Collected data entries
lemma IVT_lo_hi:
  fixes g :: "'l \<Rightarrow> 'b::linorder_topology"
  assumes cont: "continuous_on UNIV g" and "g lo \<le> y" "y \<le> g hi"
  shows "\<exists>s. g s = y"
proof -
  obtain T where T: "g T \<le> y" "\<And>s. g s \<le> y \<Longrightarrow> s \<le> T"
    using sublevel_has_max[OF cont \<open>g lo \<le> y\<close>] by blast
  have "y \<le> g T"
  proof (rule ccontr)
    assume "\<not> y \<le> g T"
    then have less: "g T < y" by simp
    then have "T \<noteq> hi" using \<open>y \<le> g hi\<close> by auto
    then have "T < hi" using le_hi[of T] by simp
    moreover have "open (g -` {..<y})" by (rule open_vimage[OF open_lessThan cont])
    moreover have "T \<in> g -` {..<y}" using less by simp
    ultimately obtain b where "T < b" "{T..<b} \<subseteq> g -` {..<y}"
      using open_right by blast
    obtain z where "T < z" "z < b" using dense[OF \<open>T < b\<close>] by blast
    have "z \<in> {T..<b}" using \<open>T < z\<close> \<open>z < b\<close> by simp
    then have "g z < y" using \<open>{T..<b} \<subseteq> g -` {..<y}\<close> by blast
    then have "z \<le> T" by (intro T(2) less_imp_le)
    with \<open>T < z\<close> show False by simp
  qed
  with T(1) have "g T = y" by (rule antisym)
  then show ?thesis ..
qed

lemma M_space_sum_eq:
  fixes F G :: "'l \<Rightarrow> real"
  assumes "F \<in> M_space" "G \<in> M_space" "0 \<le> \<alpha>" "\<alpha> \<le> 2"
  shows "\<exists>s. F s + G s = \<alpha>"
proof (rule IVT_lo_hi)
  show "continuous_on UNIV (\<lambda>s. F s + G s)"
    using assms(1,2) by (intro continuous_intros M_spaceD(2))
qed (use assms in \<open>simp_all add: M_space_lo M_space_hi\<close>)

lemma phiML_witness:
  fixes F h :: "'l \<Rightarrow> real"
  assumes "F \<in> M_space" "h \<in> M_space" "0 \<le> \<alpha>" "\<alpha> \<le> 2"
  obtains s where "F s + h s = \<alpha>" "phiML \<alpha> F h = F s"
proof (rule that)
  show "F (SOME s. F s + h s = \<alpha>) + h (SOME s. F s + h s = \<alpha>) = \<alpha>"
    using someI_ex[OF M_space_sum_eq[OF assms]] .
qed (simp add: phiML_def)
(* Let $-1\le\alpha\le1$ and $C=1-\log 2$. For every $N\ge1$ and every set $\omega\subset\mathbb{R}\times(-\pi,\pi]$ with $|\omega|=N$, $$\sum_{\substack{z,z'\in\omega\\ z\ne z'}}W_\alpha(z-z')\ \ge\ -N(\log N+C).$$
   Context: For $-1\le\alpha\le1$ and $(x,y)\in\mathbb{R}^2$ with $\cosh x-\cos y>0$, define $$W_\alpha(x,y)=\frac12\left[\frac{\alpha\,x\sinh x}{\cosh x-\cos y}-\log\big(2(\cosh x-\cos y)\big)+(1-\alpha)|x|\right].$$ For distinct $z,z'\in\mathbb{R}\times(-\pi,\pi]$ the difference $z-z'$ lies in the domain of $W_\alpha$. *)

theory Defs
  imports "HOL-Analysis.Analysis"
begin

definition W :: "real \<Rightarrow> real \<Rightarrow> real \<Rightarrow> real" where
  "W \<alpha> x y = (1/2) * (\<alpha> * x * sinh x / (cosh x - cos y)
      - ln (2 * (cosh x - cos y)) + (1 - \<alpha>) * \<bar>x\<bar>)"

end

theory Submission
  imports Defs
begin

text \<open>
  Moving the hyperbolic functions in \<open>W \<alpha>\<close> from \<open>\<bar>x\<bar>\<close> to \<open>\<bar>x\<bar> + e\<close> gives a kernel
  \<open>W_smooth \<alpha> e\<close> with the Fourier expansion
  \<open>W_smooth \<alpha> e x y = (\<Sum>k. exp (- k e) / k * (1 + \<alpha> k \<bar>x\<bar>) exp (- k \<bar>x\<bar>) cos (k y))\<close>.
  Since \<open>t \<mapsto> (1 + b \<bar>t\<bar>) exp (- \<bar>t\<bar>)\<close> is a positive definite function for \<open>\<bar>b\<bar> \<le> 1\<close>, every
  term is a positive semidefinite kernel in \<open>(x, y)\<close>, so the double sum of \<open>W_smooth \<alpha> e\<close> over
  \<open>\<omega> \<times> \<omega>\<close>, diagonal included, is nonnegative. Moreover \<open>W_smooth \<alpha> e - e / 2\<close> does not
  increase in \<open>e\<close>, so off the diagonal \<open>W \<alpha> \<ge> W_smooth \<alpha> e - e / 2\<close>, while each of the \<open>N\<close>
  diagonal terms is at most \<open>e / 2 - ln e\<close>. The choice \<open>e = 2 / N\<close> balances the two errors.
\<close>

lemma sinh_ge_self: "0 \<le> (t::real) \<Longrightarrow> t \<le> sinh t"
  using real_le_x_sinh[of t] by (simp add: sinh_def exp_minus)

* **ASSIGNED TASK**:
All lines above that include the word "kernel" must be copied into the answer.

* **TASK OUTPUT**:
  Moving the hyperbolic functions in \<open>W \<alpha>\<close> from \<open>\<bar>x\<bar>\<close> to \<open>\<bar>x\<bar> + e\<close> gives a kernel
  term is a positive semidefinite kernel in \<open>(x, y)\<close>, so the double sum of \<open>W_smooth \<alpha> e\<close> over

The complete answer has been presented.